И еще — холоднее: он не сказал ей, где. Он сказал ровно столько, чтобы она поняла, что есть что искать и что без него ей этого не достать. Он вложил ей в руки нужду и забрал способ ее утолить, оставив себе. Он не предлагал помощи. Он просто показал ей запертую дверь и дал понять, у кого ключ.

Точно так же, мелькнуло у Эвы, как он подошел к ней не где-нибудь, а ровно у той стены, о которую она час билась. Будто знал, что она будет биться. Будто знал, что она придет сюда, и злиться будет здесь, и будет готова взять любой ключ из любой руки.

Будто все это уже было где-то записано, и она прочла свою реплику вслух.

Эва сидела за столом в гудящей библиотеке, среди уходящих в темноту книг, и впервые с той ночи думала не о том, кто убил Вивиан Астье.

Она думала о том, не ведут ли ее к этому за руку.

Глава 7. Приманка

Записку она нашла в кармане.

Эва вернулась к себе уже в сумерках, все еще перебирая в голове разговор в библиотеке, все еще слыша его последнее «такие, как она, не держат важное там, где его станут искать», — и, стягивая пальто, машинально сунула руку в боковой карман и наткнулась на то, чего там не было утром.

Сложенный вчетверо лист плотной бумаги. А в нем, завернутый, чтобы не звякнул, — тяжелый старинный ключ.

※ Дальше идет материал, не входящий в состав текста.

definition ind :: "nat \<Rightarrow> nat \<Rightarrow> nat \<Rightarrow> real" where
  "ind a b i = (if a < i \<and> i \<le> b then 1 else 0)"

text \<open>A \<open>d\<close>-tuple \<open>m_1,\<dots>,m_d\<close> is a function \<open>m\<close> on \<open>{1..d}\<close>; \<open>m_0 = 0\<close>.\<close>
definition z :: "nat \<Rightarrow> (nat \<Rightarrow> nat) \<Rightarrow> (nat \<Rightarrow> real)" where
  "z d m = (\<lambda>i. \<Sum>s=1..d. (1 - real (s - 1) / real d) *
              ind (if s - 1 = 0 then 0 else m (s - 1)) (m s) i)"

end

theory Submission
  imports Defs "HOL-Analysis.Analysis"
begin

(* Put u = F(z(m)) and v = F(z(n)). Step and support preservation make u constant on each
   (m_(s-1), m_s] and zero beyond m_d, and v constant on each (n_(s-1), n_s] and zero beyond n_d.
   Each term of 0 = n_0 < m_1 < n_1 < ... < m_d < n_d is at least a times the previous one, so
   (m_s, n_s] is at least a - 1 times as long as (n_(s-1), m_s], and (n_s, m_(s+1)] at least a - 1
   times as long as (m_s, n_s]. Hence v carries at most 1/(a-1) of its l_r-mass on the gaps
   (n_(s-1), m_s], while u carries at least 1 - 1/(a-1) of its mass there. On these gaps the
   convexity estimate |u|^r <= (1-t)^(1-r) |u-v|^r + t^(1-r) |v|^r with t = eps/2 yields
   ||u - v||_r^r > (1 - eps)^r. *)

lemma abs_powr_le_weighted:
  fixes x y r t :: real
  assumes r: "1 \<le> r" and t: "0 < t" "t < 1"
  shows "\<bar>x\<bar> powr r \<le> (1 - t) powr (1 - r) * \<bar>x - y\<bar> powr r + t powr (1 - r) * \<bar>y\<bar> powr r"
proof -
  define w v where "w = \<bar>x - y\<bar>" and "v = \<bar>y\<bar>"
  have "\<bar>x\<bar> powr r \<le> (w + v) powr r"
    using r by (intro powr_mono2) (auto simp: w_def v_def)
  also have "\<dots> \<le> (1 - t) powr (1 - r) * w powr r + t powr (1 - r) * v powr r"
  proof (cases "w = 0 \<or> v = 0")
    case True
    have "(1 - t) powr 0 \<le> (1 - t) powr (1 - r)" "t powr 0 \<le> t powr (1 - r)"
      using r t by (intro powr_mono'; simp)+
    then have "1 \<le> (1 - t) powr (1 - r)" "1 \<le> t powr (1 - r)"
      using t by simp_all
    then show ?thesis
      using True r by (auto simp: w_def v_def mult_le_cancel_right1)
  next
    case False
    then have "0 < w" "0 < v" by (auto simp: w_def v_def)
    have convex_combination: "w + v = (1 - t) *\<^sub>R (w / (1 - t)) + t *\<^sub>R (v / t)"
      using t by simp
    have "(w + v) powr r \<le> (1 - t) * (w / (1 - t)) powr r + t * (v / t) powr r"
      unfolding convex_combination using t \<open>0 < w\<close> \<open>0 < v\<close>
      by (intro convex_onD[OF powr_convex[OF r]]) auto
    also have "\<dots> = (1 - t) powr (1 - r) * w powr r + t powr (1 - r) * v powr r"
      using t \<open>0 < w\<close> \<open>0 < v\<close> by (simp add: powr_divide powr_diff field_simps)
    finally show ?thesis .
  qed
  finally show ?thesis by (simp add: w_def v_def)
qed

lemma sum_greaterThanAtMost_split:
  fixes l m u :: nat
  assumes "l \<le> m" "m \<le> u"
  shows "sum g {l<..u} = sum g {l<..m} + sum g {m<..u}"
proof -
  have "{l<..u} = {l<..m} \<union> {m<..u}" using assms by auto
  then show ?thesis by (simp add: sum.union_disjoint)
qed

lemma sum_block_ratio:
  fixes g :: "nat \<Rightarrow> real" and A :: real
  assumes "g constant_on {p<..q}" and "\<And>i. 0 \<le> g i"
    and "1 \<le> A" and "p \<le> p'" and "A * p' \<le> q"
  shows "(A - 1) * sum g {p<..p'} \<le> sum g {p'<..q}"
proof (cases "p < p'")
  case False
  then show ?thesis using assms(2) by (simp add: sum_nonneg)
next
  case True
  obtain c where c: "\<And>i. i \<in> {p<..q} \<Longrightarrow> g i = c"
    using assms(1) by (auto simp: constant_on_def)
  have "real p' \<le> A * p'" using assms(3) by (simp add: mult_le_cancel_right1)
  then have "p' \<le> q" using assms(5) by linarith
  then have "0 \<le> c" using True c[of p'] assms(2)[of p'] by simp
  have "sum g {p<..p'} = (real p' - real p) * c" "sum g {p'<..q} = (real q - real p') * c"
    using assms(4) \<open>p' \<le> q\<close> c by simp_all
  moreover have "(A - 1) * (real p' - real p) \<le> real q - real p'"
  proof -
    have "0 \<le> (A - 1) * p" using assms(3) by simp
    then show ?thesis using assms(5) by (simp add: algebra_simps)
  qed
  ultimately show ?thesis
    using \<open>0 \<le> c\<close> by (simp add: mult.assoc[symmetric] mult_right_mono)
qed

definition seq0 :: "(nat \<Rightarrow> nat) \<Rightarrow> nat \<Rightarrow> nat" where
  "seq0 m s = (if s = 0 then 0 else m s)"

lemma seq0_0 [simp]: "seq0 m 0 = 0"
  and seq0_Suc [simp]: "seq0 m (Suc s) = m (Suc s)"
  by (simp_all add: seq0_def)

text \<open>For \<open>0 = n\<^sub>0 \<le> m\<^sub>1 \<le> n\<^sub>1 \<le> \<dots> \<le> m\<^sub>d \<le> n\<^sub>d\<close>, \<open>sum_nm\<close> and \<open>sum_mn\<close> are the
  parts of a sum over \<open>(0, n\<^sub>d]\<close> carried by the intervals \<open>(n\<^sub>s\<^sub>-\<^sub>1, m\<^sub>s]\<close> and
  \<open>(m\<^sub>s, n\<^sub>s]\<close>, \<open>s = 1, \<dots>, d\<close>.\<close>

definition sum_nm :: "(nat \<Rightarrow> nat) \<Rightarrow> (nat \<Rightarrow> nat) \<Rightarrow> nat \<Rightarrow> (nat \<Rightarrow> real) \<Rightarrow> real" where
  "sum_nm m n d g = (\<Sum>s<d. sum g {seq0 n s<..m (Suc s)})"

definition sum_mn :: "(nat \<Rightarrow> nat) \<Rightarrow> (nat \<Rightarrow> nat) \<Rightarrow> nat \<Rightarrow> (nat \<Rightarrow> real) \<Rightarrow> real" where
  "sum_mn m n d g = (\<Sum>s<d. sum g {m (Suc s)<..n (Suc s)})"

lemma constant_on_abs_powr:
  fixes u :: "'a \<Rightarrow> real"
  shows "u constant_on S \<Longrightarrow> (\<lambda>i. \<bar>u i\<bar> powr r) constant_on S"
  by (auto simp: constant_on_def)

lemma sum_nm_mono: "(\<And>i. f i \<le> g i) \<Longrightarrow> sum_nm m n d f \<le> sum_nm m n d g"
  unfolding sum_nm_def by (intro sum_mono) auto

lemma sum_nm_linear:
  "sum_nm m n d (\<lambda>i. a * f i + b * g i) = a * sum_nm m n d f + b * sum_nm m n d g"
  by (simp add: sum_nm_def sum.distrib sum_distrib_left)

locale separated_sequences =
  fixes A :: real and m n :: "nat \<Rightarrow> nat" and d :: nat
  assumes A_gt_1: "1 < A"
    and sep_nm: "\<And>s. s < d \<Longrightarrow> A * seq0 n s \<le> m (Suc s)"
    and sep_mn: "\<And>s. s < d \<Longrightarrow> A * m (Suc s) \<le> n (Suc s)"
begin

lemma le_of_A_mult_le:
  fixes x y :: nat
  assumes "A * x \<le> y"
  shows "x \<le> y"
proof -
  have "real x \<le> A * x" using A_gt_1 by (simp add: mult_le_cancel_right1)
  then show ?thesis using assms by linarith
qed

lemma interleaved:
  assumes "s < d"
  shows "seq0 n s \<le> m (Suc s)" and "m (Suc s) \<le> n (Suc s)"
  using le_of_A_mult_le sep_nm sep_mn assms by blast+

lemma seq0_m_le_seq0_n: "seq0 m d \<le> seq0 n d"
  using interleaved(2)[of "d - 1"] by (cases d) auto

lemma sum_eq_sum_nm_plus_sum_mn:
  assumes "seq0 n d \<le> k" and "\<And>i. i \<in> {seq0 n d<..k} \<Longrightarrow> g i = 0"
  shows "sum g {1..k} = sum_nm m n d g + sum_mn m n d g"
proof -
  have "sum g {0<..seq0 n d'} = sum_nm m n d' g + sum_mn m n d' g" if "d' \<le> d" for d'
    using that
  proof (induction d')
    case 0
    then show ?case by (simp add: sum_nm_def sum_mn_def)
  next
    case (Suc d')
    have "seq0 n d' \<le> m (Suc d')" "m (Suc d') \<le> n (Suc d')"
      using interleaved Suc.prems by simp_all
    then have "sum g {0<..seq0 n (Suc d')}
        = sum g {0<..seq0 n d'} + sum g {seq0 n d'<..m (Suc d')} + sum g {m (Suc d')<..n (Suc d')}"
      using sum_greaterThanAtMost_split[of 0 "m (Suc d')" "n (Suc d')" g]
        sum_greaterThanAtMost_split[of 0 "seq0 n d'" "m (Suc d')" g] by simp
    then show ?case
      using Suc by (simp add: sum_nm_def sum_mn_def)
  qed
  moreover have "sum g {1..k} = sum g {0<..seq0 n d} + sum g {seq0 n d<..k}"
    using assms(1) sum_greaterThanAtMost_split[of 0 "seq0 n d" k g]
    by (simp add: atLeastSucAtMost_greaterThanAtMost[of 0, simplified])
  ultimately show ?thesis using assms(2) by simp
qed

lemma sum_nm_le_sum_mn:
  assumes "\<And>s. s < d \<Longrightarrow> g constant_on {seq0 n s<..n (Suc s)}" and "\<And>i. 0 \<le> g i"
  shows "(A - 1) * sum_nm m n d g \<le> sum_mn m n d g"
proof -
  have "(A - 1) * sum g {seq0 n s<..m (Suc s)} \<le> sum g {m (Suc s)<..n (Suc s)}" if "s < d" for s
    using assms A_gt_1 interleaved(1) sep_mn that by (intro sum_block_ratio) auto
  then show ?thesis
    unfolding sum_nm_def sum_mn_def sum_distrib_left[where A = "{..<d}"] by (rule sum_mono) simp
qed

lemma sum_mn_le_sum_nm:
  assumes "\<And>s. s < d \<Longrightarrow> g constant_on {seq0 m s<..m (Suc s)}" and "\<And>i. 0 \<le> g i"
    and "\<And>i. seq0 m d < i \<Longrightarrow> g i = 0"
  shows "(A - 1) * sum_mn m n d g \<le> sum_nm m n d g"
proof (cases d)
  case 0
  then show ?thesis by (simp add: sum_nm_def sum_mn_def)
next
  case (Suc d')
  \<comment> \<open>\<open>(m\<^sub>s, n\<^sub>s]\<close> and the following gap \<open>(n\<^sub>s, m\<^sub>s\<^sub>+\<^sub>1]\<close> lie in one step of \<open>g\<close>;
    the last interval \<open>(m\<^sub>d, n\<^sub>d]\<close> has no following gap, but \<open>g\<close> vanishes there.\<close>
  have last_block: "sum g {m d<..n d} = 0"
    using assms(3) Suc by simp
  have block: "(A - 1) * sum g {m (Suc s)<..n (Suc s)} \<le> sum g {n (Suc s)<..m (Suc (Suc s))}"
    if "s < d'" for s
  proof (rule sum_block_ratio)
    show "g constant_on {m (Suc s)<..m (Suc (Suc s))}"
      using assms(1)[of "Suc s"] that Suc by simp
    show "A * n (Suc s) \<le> m (Suc (Suc s))"
      using sep_nm[of "Suc s"] that Suc by simp
  qed (use assms(2) A_gt_1 interleaved(2)[of s] that Suc in auto)
  have "sum_nm m n d g = sum g {0<..m (Suc 0)} + (\<Sum>s<d'. sum g {n (Suc s)<..m (Suc (Suc s))})"
    unfolding sum_nm_def Suc sum.lessThan_Suc_shift by simp
  moreover have "sum_mn m n d g = (\<Sum>s<d'. sum g {m (Suc s)<..n (Suc s)}) + sum g {m d<..n d}"
    unfolding sum_mn_def Suc by simp
  moreover have "(A - 1) * (\<Sum>s<d'. sum g {m (Suc s)<..n (Suc s)})
      \<le> (\<Sum>s<d'. sum g {n (Suc s)<..m (Suc (Suc s))})"
    unfolding sum_distrib_left[where A = "{..<d'}"] using block by (auto intro!: sum_mono)
  moreover have "0 \<le> sum g {0<..m (Suc 0)}"
    using assms(2) by (simp add: sum_nonneg)
  ultimately show ?thesis
    using last_block by (simp add: algebra_simps)
qed

lemma sum_nm_nonneg: "(\<And>i. 0 \<le> g i) \<Longrightarrow> 0 \<le> sum_nm m n d g"
  and sum_mn_nonneg: "(\<And>i. 0 \<le> g i) \<Longrightarrow> 0 \<le> sum_mn m n d g"
  by (simp_all add: sum_nm_def sum_mn_def sum_nonneg)

lemma sum_nm_ge_of_m_steps:
  assumes "seq0 n d \<le> k" and "\<And>s. s < d \<Longrightarrow> g constant_on {seq0 m s<..m (Suc s)}"
    and "\<And>i. 0 \<le> g i" and "\<And>i. seq0 m d < i \<Longrightarrow> g i = 0" and "sum g {1..k} = 1"
  shows "1 - 1 / (A - 1) \<le> sum_nm m n d g"
proof -
  have "sum_nm m n d g + sum_mn m n d g = 1"
    using assms seq0_m_le_seq0_n sum_eq_sum_nm_plus_sum_mn[of k g] by simp
  moreover have "(A - 1) * sum_mn m n d g \<le> sum_nm m n d g"
    using assms by (intro sum_mn_le_sum_nm)
  moreover have "0 \<le> sum_mn m n d g"
    using assms(3) by (rule sum_mn_nonneg)
  ultimately have "sum_mn m n d g \<le> 1 / (A - 1)"
    using A_gt_1 by (simp add: pos_le_divide_eq mult.commute)
  with \<open>sum_nm m n d g + sum_mn m n d g = 1\<close> show ?thesis by linarith
qed

lemma sum_nm_le_of_n_steps:
  assumes "seq0 n d \<le> k" and "\<And>s. s < d \<Longrightarrow> g constant_on {seq0 n s<..n (Suc s)}"
    and "\<And>i. 0 \<le> g i" and "\<And>i. seq0 n d < i \<Longrightarrow> g i = 0" and "sum g {1..k} = 1"
  shows "sum_nm m n d g \<le> 1 / (A - 1)"
proof -
  have "sum_nm m n d g + sum_mn m n d g = 1"
    using assms sum_eq_sum_nm_plus_sum_mn[of k g] by simp
  moreover have "(A - 1) * sum_nm m n d g \<le> sum_mn m n d g"
    using assms by (intro sum_nm_le_sum_mn)
  moreover have "0 \<le> sum_nm m n d g"
    using assms(3) by (rule sum_nm_nonneg)
  ultimately show ?thesis
    using A_gt_1 by (simp add: pos_le_divide_eq mult.commute)
qed

lemma sum_powr_diff_lower_bound:
  fixes u v :: "nat \<Rightarrow> real" and r t :: real
  assumes r: "1 \<le> r" and t: "0 < t" "t < 1" and k: "seq0 n d \<le> k"
    and u_steps: "\<And>s. s < d \<Longrightarrow> u constant_on {seq0 m s<..m (Suc s)}"
    and u_tail: "\<And>i. seq0 m d < i \<Longrightarrow> u i = 0"
    and v_steps: "\<And>s. s < d \<Longrightarrow> v constant_on {seq0 n s<..n (Suc s)}"
    and v_tail: "\<And>i. seq0 n d < i \<Longrightarrow> v i = 0"
    and u_norm: "(\<Sum>i=1..k. \<bar>u i\<bar> powr r) = 1" and v_norm: "(\<Sum>i=1..k. \<bar>v i\<bar> powr r) = 1"
  shows "(1 - t) powr (r - 1) * (1 - (1 + t powr (1 - r)) / (A - 1))
    \<le> (\<Sum>i=1..k. \<bar>u i - v i\<bar> powr r)"
proof -
  define U V W where "U = (\<lambda>i. \<bar>u i\<bar> powr r)" and "V = (\<lambda>i. \<bar>v i\<bar> powr r)"
    and "W = (\<lambda>i. \<bar>u i - v i\<bar> powr r)"
  define Q P where "Q = (1 - t) powr (1 - r)" and "P = t powr (1 - r)"
  have nonneg: "0 \<le> U i" "0 \<le> V i" "0 \<le> W i" for i
    by (simp_all add: U_def V_def W_def)
  have tail: "U i = 0" "V i = 0" "W i = 0" if "seq0 n d < i" for i
    using that seq0_m_le_seq0_n u_tail v_tail by (simp_all add: U_def V_def W_def)
  have mass_u: "1 - 1 / (A - 1) \<le> sum_nm m n d U"
    using nonneg u_tail u_norm u_steps[THEN constant_on_abs_powr]
    by (intro sum_nm_ge_of_m_steps[OF k]) (simp_all add: U_def)
  have mass_v: "sum_nm m n d V \<le> 1 / (A - 1)"
    using nonneg tail v_norm v_steps[THEN constant_on_abs_powr]
    by (intro sum_nm_le_of_n_steps[OF k]) (simp_all add: V_def)
  have convexity: "sum_nm m n d U \<le> Q * sum_nm m n d W + P * sum_nm m n d V"
    unfolding sum_nm_linear[symmetric] U_def V_def W_def Q_def P_def
    using abs_powr_le_weighted[OF r t] by (rule sum_nm_mono)
  have "sum_nm m n d W \<le> sum W {1..k}"
    using sum_eq_sum_nm_plus_sum_mn[OF k] tail sum_mn_nonneg nonneg by simp
  then have "Q * sum_nm m n d W \<le> Q * sum W {1..k}"
    by (simp add: Q_def mult_left_mono)
  moreover have "P * sum_nm m n d V \<le> P * (1 / (A - 1))"
    using mass_v by (rule mult_left_mono) (simp add: P_def)
  ultimately have "1 - 1 / (A - 1) \<le> Q * sum W {1..k} + P * (1 / (A - 1))"
    using mass_u convexity by linarith
  then have "1 - (1 + P) / (A - 1) \<le> Q * sum W {1..k}"
    by (simp add: add_divide_distrib)
  then have "(1 - t) powr (r - 1) * (1 - (1 + P) / (A - 1))
      \<le> (1 - t) powr (r - 1) * (Q * sum W {1..k})"
    by (rule mult_left_mono) simp
  also have "\<dots> = sum W {1..k}"
    using t by (simp add: Q_def mult.assoc[symmetric] powr_add[symmetric])
  finally show ?thesis by (simp add: P_def W_def)
qed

Эва застыла с пальто в руках.

Карман был внутренний, под полой, наглухо. Она надевала это пальто утром, в комнате, и не снимала весь день — в библиотеке оно было на ней. Никто к ней не подходил вплотную. Никто не касался ее — а Эва, которая всю жизнь чувствовала людей раньше, чем они приближались, которая по дрожи воздуха угадывала чужую руку за полшага, точно знала: за весь день к ней никто не подошел настолько близко, чтобы залезть в карман под полой пальто. И все же ключ был там. Лежал, теплый от ее собственного тела, словно пролежал в кармане весь день.

Можно было сунуть руку в закрытый карман, не открывая его. Можно было положить вещь туда, куда нельзя дотянуться, не потревожив ни складки. Эва знала, чья это магия, — знала с той же холодной точностью, с какой узнала в ту ночь мертвую петлю. Пространство. То самое, от которого у нее кружилась голова за библиотечным столом, когда тени ложились не туда. Кристиан Вейер не подходил к ней близко. Ему не нужно было. Он просто решил, что записка будет у нее в кармане, и она там оказалась.

И вот это испугало Эву больше всего сказанного им вслух. Потому что человек, который может положить тебе что угодно в закрытый карман, не коснувшись тебя, может однажды положить туда не записку. И ты не почувствуешь его приближения. Никакая бдительность не спасет от того, кто не приближается.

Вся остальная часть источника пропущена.